I put the word price in quotations because the province of Alberta has announced plans to tighten its emissions standards under its “Specified Gas Emitters Regulation,” the first-ever policy in Canada to impose some sort of a pricing mechanism on greenhouse gas emissions.

You read that correctly: Alberta, home to the “tar sands” (I prefer the older term “oil sands”), not climate-taxing British Columbia, was the first to impose a price on carbon emissions. In fact, other than Boulder, Colorado’s carbon-tax-like electricity surcharge, this was the first in North America. The catch is that the SGER is not a carbon tax unless one of the specified emitters exceeds a particular emissions “intensity,” a measure of emissions per unit of production. The requirement was a twelve percent reduction from baseline levels.

The bottom line was that emitters were only required to become more efficient with their greenhouse gas emissions, rather than actually reduce them. The price for being unable to sufficiently reduce emissions was $15 per ton of emissions over the required levels (12% below baseline), working out to a pretty low average cost of under $2 per ton. So this is not a carbon tax, but still, Alberta–which passed the legislation in 2003 and implemented the regulation in 2007–was first. Now, Alberta has announced that they will ratchet up both the price; from $15 per tonne (that’s “ton” in Canadian) to $30 per tonne, and the reduction from baseline–from 12% to 20%–by 2017. That is a welcome first step.

Earlier, in June, newly-elected Alberta Premier Rachel Notley announced that she would seek help on environmental policy from the national and Ontario offices of her New Democratic Party, a party that occupies a very liberal political left in Canada. Alas, the NDP’s climate policy positions have proven to be a bit facile. The national NDP leader, Thomas Mulcair, has called for cap-and-trade because “polluters [should] pay for the pollution they create instead of leaving those costs to the next generation.” There has always been a “for-the-little-guy-against-the-big-guy” populism in the NDP, and, unfortunately, climate policy has been similarly hostage to this party principle. Although the NDP has historically been a very green party, it opposed British Columbia’s carbon tax on the grounds that it hurt individuals.

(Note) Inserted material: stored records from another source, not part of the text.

lemma sum_list_normal_word:
  fixes F :: "gen \<Rightarrow> exponent"
  assumes e: "e \<in> normal_exps" and F: "\<And>i v. (\<Sum>g\<leftarrow>block i v. F g) = 0(i := \<phi> v)"
    and \<phi>: "\<phi> 0 = 0"
  shows "(\<Sum>g\<leftarrow>normal_word e. F g) = \<phi> \<circ> e"
proof
  fix x
  have "(\<Sum>g\<leftarrow>normal_word e. F g) = (\<Sum>j\<in>{1..n}. 0(j := \<phi> (e j)))"
    by (simp add: normal_word_def sum_list_map_concat o_def F
        sum_set_upt_conv_sum_list_nat[symmetric] atLeastLessThanSuc_atLeastAtMost
        del: fun_upd_apply upt_Suc)
  moreover have "(\<Sum>j\<in>{1..n}. 0(j := \<phi> (e j))) x = (\<phi> \<circ> e) x"
    using e \<phi> by (simp add: sum_fun_apply zero_fun_apply if_distrib[where f="\<lambda>f. f x"] cong: if_cong)
       (auto simp: normal_exps_def)
  ultimately show "(\<Sum>g\<leftarrow>normal_word e. F g) x = (\<phi> \<circ> e) x"
    by simp
qed

lemma lowest_exp_normal_word: "e \<in> normal_exps \<Longrightarrow> lowest_exp (word_image (normal_word e)) e"
  using lowest_word_image[of "normal_word e"] sum_list_normal_word[of e low_gen id]
  by (simp add: low_gen_block)

lemma highest_exp_normal_word:
  "e \<in> normal_exps \<Longrightarrow> highest_exp (word_image (normal_word e)) (high_pair \<circ> e)"
  using highest_word_image[of "normal_word e"] sum_list_normal_word[of e high_gen high_pair]
  by (simp add: high_gen_block high_pair_def zero_prod_def)


lemma inj_high_pair: "inj high_pair"
  by (rule injI) (auto simp: high_pair_def prod_eq_iff)

end

section \<open>Units\<close>

lemma sum_extreme_exps_from_one_term:
  fixes K :: "'a set" and c :: "'a \<Rightarrow> 'k::field" and F :: "'a \<Rightarrow> exponent \<Rightarrow> 'k"
  defines "S \<equiv> (\<Sum>\<kappa>\<in>K. scale (c \<kappa>) (F \<kappa>))"
  assumes K: "finite K" "K \<noteq> {}" and c_nonzero: "\<And>\<kappa>. \<kappa> \<in> K \<Longrightarrow> c \<kappa> \<noteq> 0"
    and L: "inj_on L K" "\<And>\<kappa>. \<kappa> \<in> K \<Longrightarrow> lowest_exp (F \<kappa>) (L \<kappa>)"
    and H: "inj_on H K" "\<And>\<kappa>. \<kappa> \<in> K \<Longrightarrow> highest_exp (F \<kappa>) (H \<kappa>)"
    and P: "lowest_exp S P" "highest_exp S P"
  shows "\<exists>\<kappa>0\<in>K. L \<kappa>0 = P \<and> H \<kappa>0 = P"
proof -
  obtain \<kappa>0 where \<kappa>0: "\<kappa>0 \<in> K" "\<forall>\<kappa>\<in>K. lex_le (L \<kappa>0) (L \<kappa>)" "lowest_exp S (L \<kappa>0)"
    using lex.lowest_sum[of K L c F, OF K L(1) c_nonzero L(2)] unfolding S_def by blast
  obtain \<kappa>1 where \<kappa>1: "\<kappa>1 \<in> K" "highest_exp S (H \<kappa>1)"
    using lex_dual.lowest_sum[of K H c F, OF K H(1) c_nonzero H(2)] unfolding S_def by auto
  have L0: "L \<kappa>0 = P"
    using lex.lowest_unique[OF \<kappa>0(3) P(1)] .
  have H1: "H \<kappa>1 = P"
    using lex_dual.lowest_unique[OF \<kappa>1(2) P(2)] .
  have "lex_le (L \<kappa>1) (L \<kappa>0)"
    using lowest_highest_exp_le[OF L(2) H(2), OF \<kappa>1(1) \<kappa>1(1)] L0 H1 by simp
  then have "L \<kappa>1 = L \<kappa>0"
    using \<kappa>0(2) \<kappa>1(1) by (intro lex.order_antisym) auto
  then have "\<kappa>1 = \<kappa>0"
    using L(1) \<kappa>0(1) \<kappa>1(1) by (auto dest: inj_onD)
  with \<kappa>0(1) L0 H1 show ?thesis
    by blast
qed

lemma sum_monomial_single_term:
  fixes K :: "'a set" and c :: "'a \<Rightarrow> 'k::field" and F :: "'a \<Rightarrow> exponent \<Rightarrow> 'k"
  defines "S \<equiv> (\<Sum>\<kappa>\<in>K. scale (c \<kappa>) (F \<kappa>))"
  assumes K: "finite K" and c_nonzero: "\<And>\<kappa>. \<kappa> \<in> K \<Longrightarrow> c \<kappa> \<noteq> 0"
    and L: "inj_on L K" "\<And>\<kappa>. \<kappa> \<in> K \<Longrightarrow> lowest_exp (F \<kappa>) (L \<kappa>)"
    and \<kappa>0: "\<kappa>0 \<in> K" "lowest_exp (F \<kappa>0) P" "highest_exp (F \<kappa>0) P"
    and P: "lowest_exp S P" "highest_exp S P"
  shows "K = {\<kappa>0}"
proof (rule ccontr)
  assume "K \<noteq> {\<kappa>0}"
  then have "K - {\<kappa>0} \<noteq> {}"
    using \<kappa>0(1) by auto
  then obtain \<kappa>' where \<kappa>': "\<kappa>' \<in> K - {\<kappa>0}"
    and low': "lowest_exp (\<Sum>\<kappa>\<in>K - {\<kappa>0}. scale (c \<kappa>) (F \<kappa>)) (L \<kappa>')"
    using lex.lowest_sum[of "K - {\<kappa>0}" L c F, OF _ _ inj_on_subset[OF L(1)]] K c_nonzero L(2)
    by blast
  have "L \<kappa>0 = P"
    using lex.lowest_unique[OF L(2)[OF \<kappa>0(1)] \<kappa>0(2)] .
  then have "L \<kappa>' \<noteq> P"
    using \<kappa>' \<kappa>0(1) L(1) by (auto dest: inj_onD)
  have "S = scale (c \<kappa>0) (F \<kappa>0) + (\<Sum>\<kappa>\<in>K - {\<kappa>0}. scale (c \<kappa>) (F \<kappa>))"
    unfolding S_def by (rule sum.remove[OF K \<kappa>0(1)])
  moreover have "S (L \<kappa>') = 0" "F \<kappa>0 (L \<kappa>') = 0"
    using lowest_eq_highest_exp_supp[OF P, of "L \<kappa>'"]
      lowest_eq_highest_exp_supp[OF \<kappa>0(2,3), of "L \<kappa>'"] \<open>L \<kappa>' \<noteq> P\<close> by auto
  ultimately have "(\<Sum>\<kappa>\<in>K - {\<kappa>0}. scale (c \<kappa>) (F \<kappa>)) (L \<kappa>') = 0"
    by (simp add: fun_apply_simps)
  with low' show False
    by (simp add: lex.lowest_def)
qed

context gwa_tensor
begin

lemma unit_lowest_eq_highest:
  assumes fg: "tmul f g = delta 0" and f: "finite (supp f)" and g: "finite (supp g)"
    and a: "lowest_exp f a" and b: "highest_exp f b"
  shows "a = b"
proof (rule ccontr)
  assume "a \<noteq> b"
  with lowest_highest_exp_le[OF a b] have ab: "less_fun a b"
    by (simp add: lex_le_def)
  have "delta 0 \<noteq> (0 :: exponent \<Rightarrow> 'k)"
    by (metis delta_def zero_fun_apply zero_neq_one)
  then have "g \<noteq> 0"
    using fg by auto
  then obtain a' b' where a': "lowest_exp g a'" and b': "highest_exp g b'"
    using lex.lowest_exists lex_dual.lowest_exists g by metis
  have "lowest_exp (delta 0 :: exponent \<Rightarrow> 'k) (a + a')"
    using lowest_tmul[OF add_linorder_lex a f a'] fg by simp
  then have "a + a' = 0"
    using lex.lowest_unique lex.lowest_delta by blast
  moreover have "highest_exp (delta 0 :: exponent \<Rightarrow> 'k) (b + b')"
    using lowest_tmul[OF add_linorder_lex_dual b f b'] fg by simp
  then have "b + b' = 0"
    using lex_dual.lowest_unique lex_dual.lowest_delta by blast
  moreover have "less_fun (a + a') (b + b')"
    using lex.less_add[OF ab lowest_highest_exp_le[OF a' b']] .
  ultimately show False
    by (simp add: less_fun_irrefl)
qed

lemma normal_form:
  assumes "ncelem n p"
  shows "\<exists>K c. finite K \<and> K \<subseteq> normal_exps \<and> (\<forall>e\<in>K. c e \<noteq> 0) \<and>
    p \<approx> (\<Sum>e\<in>K. scale (c e) (delta (normal_word e)))"
proof -
  obtain K c where K: "finite K" "K \<subseteq> normal_exps"
    and p: "p \<approx> (\<Sum>e\<in>K. scale (c e) (delta (normal_word e)))"
    using in_normal_span_ncelem[OF assms] unfolding in_normal_span_def by blast
  have "(\<Sum>e\<in>K. scale (c e) (delta (normal_word e)))
      = (\<Sum>e\<in>{e\<in>K. c e \<noteq> 0}. scale (c e) (delta (normal_word e)))"
    using K(1) by (intro sum.mono_neutral_right) auto
  with K p show ?thesis
    by (intro exI[of _ "{e\<in>K. c e \<noteq> 0}"] exI[of _ c]) auto
qed

lemma tmul_rep_unit:
  assumes "ncelem n u" "ncelem n v" "ncmul u v \<approx> ncone"
  shows "tmul (rep u) (rep v) = delta 0"
proof -
  have "rep (ncmul u v) = rep (delta [])"
    using assms by (intro rep_Aeq) (auto simp: ncone_eq finite_supp_delta ncelem_finite_supp
        intro: finite_supp_ncmul)
  then show ?thesis
    using assms by (simp add: rep_ncmul ncelem_finite_supp rep_delta)
qed

lemma unit_Aeq_normal_word:
  assumes u: "ncelem n u" and g: "finite (supp g)" and ug: "tmul (rep u) g = delta 0"
  shows "\<exists>c e. c \<noteq> 0 \<and> e \<in> normal_exps \<and> (\<forall>j. 0 \<le> snd (e j)) \<and> lowest_exp (rep u) e \<and>
    u \<approx> scale c (delta (normal_word e))"
proof -
  obtain K c where K: "finite K" "K \<subseteq> normal_exps" and c: "\<forall>e\<in>K. c e \<noteq> 0"
    and uK: "u \<approx> (\<Sum>e\<in>K. scale (c e) (delta (normal_word e)))"
    using normal_form[OF u] by blast
  have rep_u: "rep u = (\<Sum>e\<in>K. scale (c e) (word_image (normal_word e)))"
    using rep_Aeq[OF uK ncelem_finite_supp[OF u]]
    by (simp add: rep_sum rep_scale rep_delta finite_supp_sum finite_supp_scale finite_supp_delta)
  have "rep u \<noteq> 0"
    using ug by (metis delta_def tmul_zero(1) zero_fun_apply zero_neq_one)
  then have "K \<noteq> {}"
    using rep_u by auto
  obtain a b where a: "lowest_exp (rep u) a" and b: "highest_exp (rep u) b"
    using lex.lowest_exists lex_dual.lowest_exists finite_supp_rep \<open>rep u \<noteq> 0\<close> by metis
  have "a = b"
    using unit_lowest_eq_highest[OF ug finite_supp_rep g a b] .
  have inj: "inj_on (\<lambda>e. high_pair \<circ> e) K"
    using inj_high_pair by (auto intro!: inj_onI simp: fun_eq_iff inj_eq)
  have low: "lowest_exp (word_image (normal_word e)) (id e)" if "e \<in> K" for e
    using lowest_exp_normal_word K(2) that by auto
  have high: "highest_exp (word_image (normal_word e)) (high_pair \<circ> e)" if "e \<in> K" for e
    using highest_exp_normal_word K(2) that by auto
  obtain e where e: "e \<in> K" "e = a" "high_pair \<circ> e = a"
    using sum_extreme_exps_from_one_term[where K=K and c=c and F="\<lambda>e. word_image (normal_word e)"
        and L=id and H="\<lambda>e. high_pair \<circ> e" and P=a, OF K(1) \<open>K \<noteq> {}\<close> c[rule_format] inj_on_id low
        inj high] a b rep_u \<open>a = b\<close>
    by auto
  have "K = {e}"
    using sum_monomial_single_term[where K=K and c=c and F="\<lambda>e. word_image (normal_word e)" and L=id
        and P=a, OF K(1) c[rule_format] inj_on_id low e(1)] low[OF e(1)] high[OF e(1)] e a b rep_u \<open>a = b\<close>
    by auto
  have "0 \<le> snd (e j)" for j
    using fun_cong[OF e(3)[folded e(2)], of j] d_pos by (simp add: high_pair_def prod_eq_iff)
  moreover have "u \<approx> scale (c e) (delta (normal_word e))"
    using uK \<open>K = {e}\<close> by simp
  ultimately show ?thesis
    using a e c K(2) by (intro exI[of _ "c e"] exI[of _ e]) auto
qed

lemma hpow_eq_delta: "hpow i m = delta (hword i m)"
  by (simp add: hpow_def hword_def ncvar_eq ncpow_delta)

lemma normal_word_hmono:
  assumes "\<forall>j. snd (e j) = 0"
  shows "delta (normal_word e) = hmono (\<lambda>j. fst (e j)) n"
proof -
  have hmono: "hmono m k = delta (concat (map (\<lambda>j. hword j (m j)) [1..<Suc k]))" for m k
    by (induction k) (simp_all add: ncone_eq hpow_eq_delta ncmul_delta)
  have "normal_word e = concat (map (\<lambda>j. hword j (fst (e j))) [1..<Suc n])"
    using assms by (simp add: normal_word_def block_def xyword_def del: upt_Suc)
  then show ?thesis
    by (simp add: hmono del: upt_Suc)
qed

end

Perhaps this will change somewhat now that the Premier has asked University of Alberta economist Andrew Leach to chair a climate advisory panel to help devise a new provincial climate policy.

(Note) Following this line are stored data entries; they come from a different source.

text \<open>Weingarten map (differential of the unit outer normal n = N/|N|) of the
  level surface at P applied to a tangent vector v: the tangential projection of
  diag(1/a^2,1/b^2,1/c^2) v divided by |N|.\<close>
definition weingarten :: "real \<Rightarrow> real \<Rightarrow> real \<Rightarrow> pt3 \<Rightarrow> pt3 \<Rightarrow> pt3" where
  "weingarten a b c P v =
     (let N = ell_normal a b c P;
          Dv = (case v of (v1, v2, v3) \<Rightarrow> (v1/a^2, v2/b^2, v3/c^2))
      in (1 / norm N) *\<^sub>R (Dv - ((Dv \<bullet> N) / (N \<bullet> N)) *\<^sub>R N))"

definition principal_curvatures :: "real \<Rightarrow> real \<Rightarrow> real \<Rightarrow> pt3 \<Rightarrow> real set" where
  "principal_curvatures a b c P =
     {k. \<exists>v. v \<noteq> 0 \<and> v \<bullet> ell_normal a b c P = 0 \<and> weingarten a b c P v = k *\<^sub>R v}"

definition kappa1 :: "real \<Rightarrow> real \<Rightarrow> real \<Rightarrow> pt3 \<Rightarrow> real" where
  "kappa1 a b c P = Min (principal_curvatures a b c P)"

definition kappa2 :: "real \<Rightarrow> real \<Rightarrow> real \<Rightarrow> pt3 \<Rightarrow> real" where
  "kappa2 a b c P = Max (principal_curvatures a b c P)"

definition curvature_center :: "real \<Rightarrow> real \<Rightarrow> real \<Rightarrow> pt3 \<Rightarrow> real \<Rightarrow> pt3" where
  "curvature_center a b c P k =
     P - (1 / k) *\<^sub>R ((1 / norm (ell_normal a b c P)) *\<^sub>R ell_normal a b c P)"

definition caustic_sheet1 :: "real \<Rightarrow> real \<Rightarrow> real \<Rightarrow> pt3 set" where
  "caustic_sheet1 a b c = {curvature_center a b c P (kappa1 a b c P) | P. P \<in> ellipsoid a b c}"

definition caustic_sheet2 :: "real \<Rightarrow> real \<Rightarrow> real \<Rightarrow> pt3 set" where
  "caustic_sheet2 a b c = {curvature_center a b c P (kappa2 a b c P) | P. P \<in> ellipsoid a b c}"

definition curve :: "(real \<Rightarrow> pt3) \<Rightarrow> pt3 set" where
  "curve f = f ` {0..<2*pi}"

definition ellipse1 :: "real \<Rightarrow> real \<Rightarrow> real \<Rightarrow> real \<Rightarrow> pt3" where
  "ellipse1 a b c t = (a * cos t, b * sin t, 0)"
definition ellipse2 :: "real \<Rightarrow> real \<Rightarrow> real \<Rightarrow> real \<Rightarrow> pt3" where
  "ellipse2 a b c t = (a * cos t, 0, c * sin t)"
definition ellipse3 :: "real \<Rightarrow> real \<Rightarrow> real \<Rightarrow> real \<Rightarrow> pt3" where
  "ellipse3 a b c t = (0, b * cos t, c * sin t)"
definition astroida4 :: "real \<Rightarrow> real \<Rightarrow> real \<Rightarrow> real \<Rightarrow> pt3" where
  "astroida4 a b c t = ((a^2 - b^2)/a * (cos t)^3, (a^2 - b^2)/b * (sin t)^3, 0)"
definition astroida5 :: "real \<Rightarrow> real \<Rightarrow> real \<Rightarrow> real \<Rightarrow> pt3" where
  "astroida5 a b c t = ((a^2 - c^2)/a * (cos t)^3, 0, (a^2 - c^2)/c * (sin t)^3)"
definition astroida6 :: "real \<Rightarrow> real \<Rightarrow> real \<Rightarrow> real \<Rightarrow> pt3" where
  "astroida6 a b c t = (0, (b^2 - c^2)/b * (cos t)^3, (b^2 - c^2)/c * (sin t)^3)"
definition ellipse7 :: "real \<Rightarrow> real \<Rightarrow> real \<Rightarrow> real \<Rightarrow> pt3" where
  "ellipse7 a b c t = ((a^2 - c^2)/a * cos t, (b^2 - c^2)/b * sin t, 0)"
definition ellipse8 :: "real \<Rightarrow> real \<Rightarrow> real \<Rightarrow> real \<Rightarrow> pt3" where
  "ellipse8 a b c t = ((a^2 - b^2)/a * cos t, 0, (b^2 - c^2)/c * sin t)"
definition ellipse9 :: "real \<Rightarrow> real \<Rightarrow> real \<Rightarrow> real \<Rightarrow> pt3" where
  "ellipse9 a b c t = (0, (a^2 - b^2)/b * cos t, (a^2 - c^2)/c * sin t)"

definition pm_xy :: "real \<Rightarrow> real \<Rightarrow> pt3 set" where
  "pm_xy u v = {(u, v, 0), (u, -v, 0), (-u, v, 0), (-u, -v, 0)}"
definition pm_xz :: "real \<Rightarrow> real \<Rightarrow> pt3 set" where
  "pm_xz u w = {(u, 0, w), (u, 0, -w), (-u, 0, w), (-u, 0, -w)}"
definition pm_yz :: "real \<Rightarrow> real \<Rightarrow> pt3 set" where
  "pm_yz v w = {(0, v, w), (0, v, -w), (0, -v, w), (0, -v, -w)}"

definition tangent_at :: "(real \<Rightarrow> pt3) \<Rightarrow> (real \<Rightarrow> pt3) \<Rightarrow> pt3 \<Rightarrow> bool" where
  "tangent_at f g p \<longleftrightarrow>
     (\<exists>t s u w. t \<in> {0..<2*pi} \<and> s \<in> {0..<2*pi} \<and> f t = p \<and> g s = p \<and>
        (f has_vector_derivative u) (at t) \<and> (g has_vector_derivative w) (at s) \<and>
        u \<noteq> 0 \<and> w \<noteq> 0 \<and> (\<exists>k. u = k *\<^sub>R w))"

end

(* Writing u = cos^2 t, the point (D/p cos^3 t, D/q sin^3 t) of an astroid with D = E - F lies on the
   ellipse with semi-axes E/p and F/q iff (D/E)^2 u^3 + (D/F)^2 (1 - u)^3 = 1, and this cubic factors as
   (D u - E)^2 (E (E - 2 F) - D (E + F) u) = 0.  If E and F have the same sign the double root E/D lies
   outside [0, 1] and the simple root gives the four intersection points (claims 1-3, 7, 9); if they
   have opposite signs the double root lies in (0, 1) and the two curves touch there (claim 8).
   Two of the ellipses meet where a 2x2 linear system in (x^2, y^2) has its solution (claims 4-6), and
   a single polynomial identity compares that solution with the astroid points (claims 5, 6).
   Along the section y = 0 of the ellipsoid the principal directions are the y-axis and the tangent
   of the section; their centres of curvature run along Ellipse 8 and Astroida 5 respectively, and
   the two principal radii change order exactly where |x| passes x6.  *)

theory Submission
  imports Defs
begin

section \<open>Ellipses and astroids in the plane\<close>

definition ellipse_set :: "real \<Rightarrow> real \<Rightarrow> (real \<times> real) set" where
  "ellipse_set p q = (\<lambda>t. (p * cos t, q * sin t)) ` {0..<2*pi}"

definition astroid_set :: "real \<Rightarrow> real \<Rightarrow> (real \<times> real) set" where
  "astroid_set p q = (\<lambda>t. (p * cos t ^ 3, q * sin t ^ 3)) ` {0..<2*pi}"

lemma ellipse_set_iff:
  assumes "p \<noteq> 0" "q \<noteq> 0"
  shows "(x, y) \<in> ellipse_set p q \<longleftrightarrow> (x/p)^2 + (y/q)^2 = 1"
proof
  assume "(x/p)^2 + (y/q)^2 = 1"
  then obtain t where "0 \<le> t" "t < 2*pi" "x/p = cos t" "y/q = sin t"
    using sincos_total_2pi by metis
  then show "(x, y) \<in> ellipse_set p q"
    using assms unfolding ellipse_set_def by (auto simp: field_simps image_iff)
qed (use assms in \<open>auto simp: ellipse_set_def\<close>)

lemma ellipse_set_cong_square:
  assumes "p \<noteq> 0" "q \<noteq> 0" "p'^2 = p^2" "q'^2 = q^2"
  shows "ellipse_set p' q' = ellipse_set p q"
proof -
  have "p' \<noteq> 0" "q' \<noteq> 0"
    using assms by auto
  then show ?thesis
    using assms by (auto simp: set_eq_iff ellipse_set_iff power_divide)
qed

lemma astroid_set_iff:
  assumes "p \<noteq> 0" "q \<noteq> 0"
  shows "(x, y) \<in> astroid_set p q \<longleftrightarrow>
         (\<exists>u. 0 \<le> u \<and> u \<le> 1 \<and> x^2 = p^2 * u^3 \<and> y^2 = q^2 * (1 - u)^3)"
proof
  assume "(x, y) \<in> astroid_set p q"
  then obtain t where t: "x = p * cos t ^ 3" "y = q * sin t ^ 3"
    unfolding astroid_set_def by auto
  show "\<exists>u. 0 \<le> u \<and> u \<le> 1 \<and> x^2 = p^2 * u^3 \<and> y^2 = q^2 * (1 - u)^3"
  proof (intro exI conjI)
    show "cos t ^ 2 \<le> 1" by (simp add: abs_square_le_1)
    show "x^2 = p^2 * (cos t ^ 2)^3" "y^2 = q^2 * (1 - cos t ^ 2)^3"
      using t by (simp_all add: power_mult_distrib flip: power_mult sin_squared_eq)
  qed simp
next
  assume "\<exists>u. 0 \<le> u \<and> u \<le> 1 \<and> x^2 = p^2 * u^3 \<and> y^2 = q^2 * (1 - u)^3"
  then obtain u where u: "0 \<le> u" "u \<le> 1" "x^2 = p^2 * u^3" "y^2 = q^2 * (1 - u)^3"
    by blast
  define c s where "c = root 3 (x/p)" and "s = root 3 (y/q)"
  have "(c^2)^3 = (c^3)^2" "(s^2)^3 = (s^3)^2"
    by (simp_all flip: power_mult)
  then have "(c^2)^3 = u^3" "(s^2)^3 = (1 - u)^3"
    using u assms by (simp_all add: c_def s_def power_divide odd_real_root_pow)
  then have "c^2 = u" "s^2 = 1 - u"
    using u by (auto intro: power_eq_imp_eq_base[of _ 3] simp del: power_mult simp flip: power_mult)
  then obtain t where "0 \<le> t" "t < 2*pi" "c = cos t" "s = sin t"
    using sincos_total_2pi[of c s] by auto
  moreover have "x = p * c^3" "y = q * s^3"
    using assms by (simp_all add: c_def s_def odd_real_root_pow)
  ultimately show "(x, y) \<in> astroid_set p q"
    unfolding astroid_set_def by auto
qed

lemma evolute_cubic_factor:
  fixes E F u :: real
  assumes "E \<noteq> 0" "F \<noteq> 0"
  shows "((E - F)/E)^2 * u^3 + ((E - F)/F)^2 * (1 - u)^3 = 1 \<longleftrightarrow>
         ((E - F)*u - E)^2 * (E*(E - 2*F) - (E - F)*(E + F)*u) = 0"
proof -
  have "((E - F)/E)^2 * u^3 + ((E - F)/F)^2 * (1 - u)^3 - 1
      = ((E - F)*u - E)^2 * (E*(E - 2*F) - (E - F)*(E + F)*u) / (E^2 * F^2)"
    using assms by (simp add: field_simps) (simp add: algebra_simps power2_eq_square power3_eq_cube)
  then show ?thesis
    using assms by (simp add: eq_iff_diff_eq_0[of _ 1])
qed

lemma evolute_cubic_root_transversal:
  fixes E F u :: real
  assumes "E * F > 0" "E \<noteq> F" "0 \<le> u" "u \<le> 1"
  shows "((E - F)/E)^2 * u^3 + ((E - F)/F)^2 * (1 - u)^3 = 1 \<longleftrightarrow>
         u = E*(E - 2*F) / ((E - F)*(E + F))"
proof -
  have "E * ((1 - u)*E + u*F) > 0"
  proof -
    have "(1 - u)*(- (E^2)) + u*(- (E*F)) < 0"
      using assms by (intro convex_bound_lt) auto
    then show ?thesis
      by (simp add: algebra_simps power2_eq_square)
  qed
  then have "(1 - u)*E + u*F \<noteq> 0"
    by fastforce
  moreover have "(E - F)*u - E = -((1 - u)*E + u*F)"
    by (simp add: algebra_simps)
  ultimately have tangency_factor: "(E - F)*u - E \<noteq> 0"
    by simp
  have "E \<noteq> 0" "F \<noteq> 0" "(E - F)*(E + F) \<noteq> 0"
    using assms by (auto simp: zero_less_mult_iff)
  moreover have "E*(E - 2*F) - (E - F)*(E + F)*u = 0 \<longleftrightarrow> u = E*(E - 2*F) / ((E - F)*(E + F))"
    using \<open>(E - F)*(E + F) \<noteq> 0\<close> by (auto simp: eq_divide_eq mult.commute)
  ultimately show ?thesis
    unfolding evolute_cubic_factor[OF \<open>E \<noteq> 0\<close> \<open>F \<noteq> 0\<close>] mult_eq_0_iff
    using tangency_factor by simp
qed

Expect some change. The new Premier has said she’s not a big fan of the current regulatory scheme, so this recent announcement is likely just a stopgap. She is also reported to be skeptical that a cap-and-trade plan is right for Alberta, so that leaves …. hmm, a carbon tax? Chair-designate Leach has written quite sensibly in the past that carbon pricing is not a “panacea,” but that depends on the stringency of the tax and the context in which it is imposed.

At this point, it is hard to imagine any kind of scheme that is not a plain old carbon tax. Alberta will probably not try to one-up its neighbor, but seems likely to eventually accept a provincial carbon tax like British Columbia’s. Trying to imagine some regulatory scheme to regulate Alberta’s specified gas emitters strikes me as anachronistic. What could you possibly tell Alberta’s eight coal-fired power plants besides simply, “shut down”? What kind of a standard would be applied–above and beyond the already existing federal plan–to phase them out? What about gas plants? What would their standard be, and why?

I am hard-pressed to imagine a climate policy for Alberta other than a carbon tax.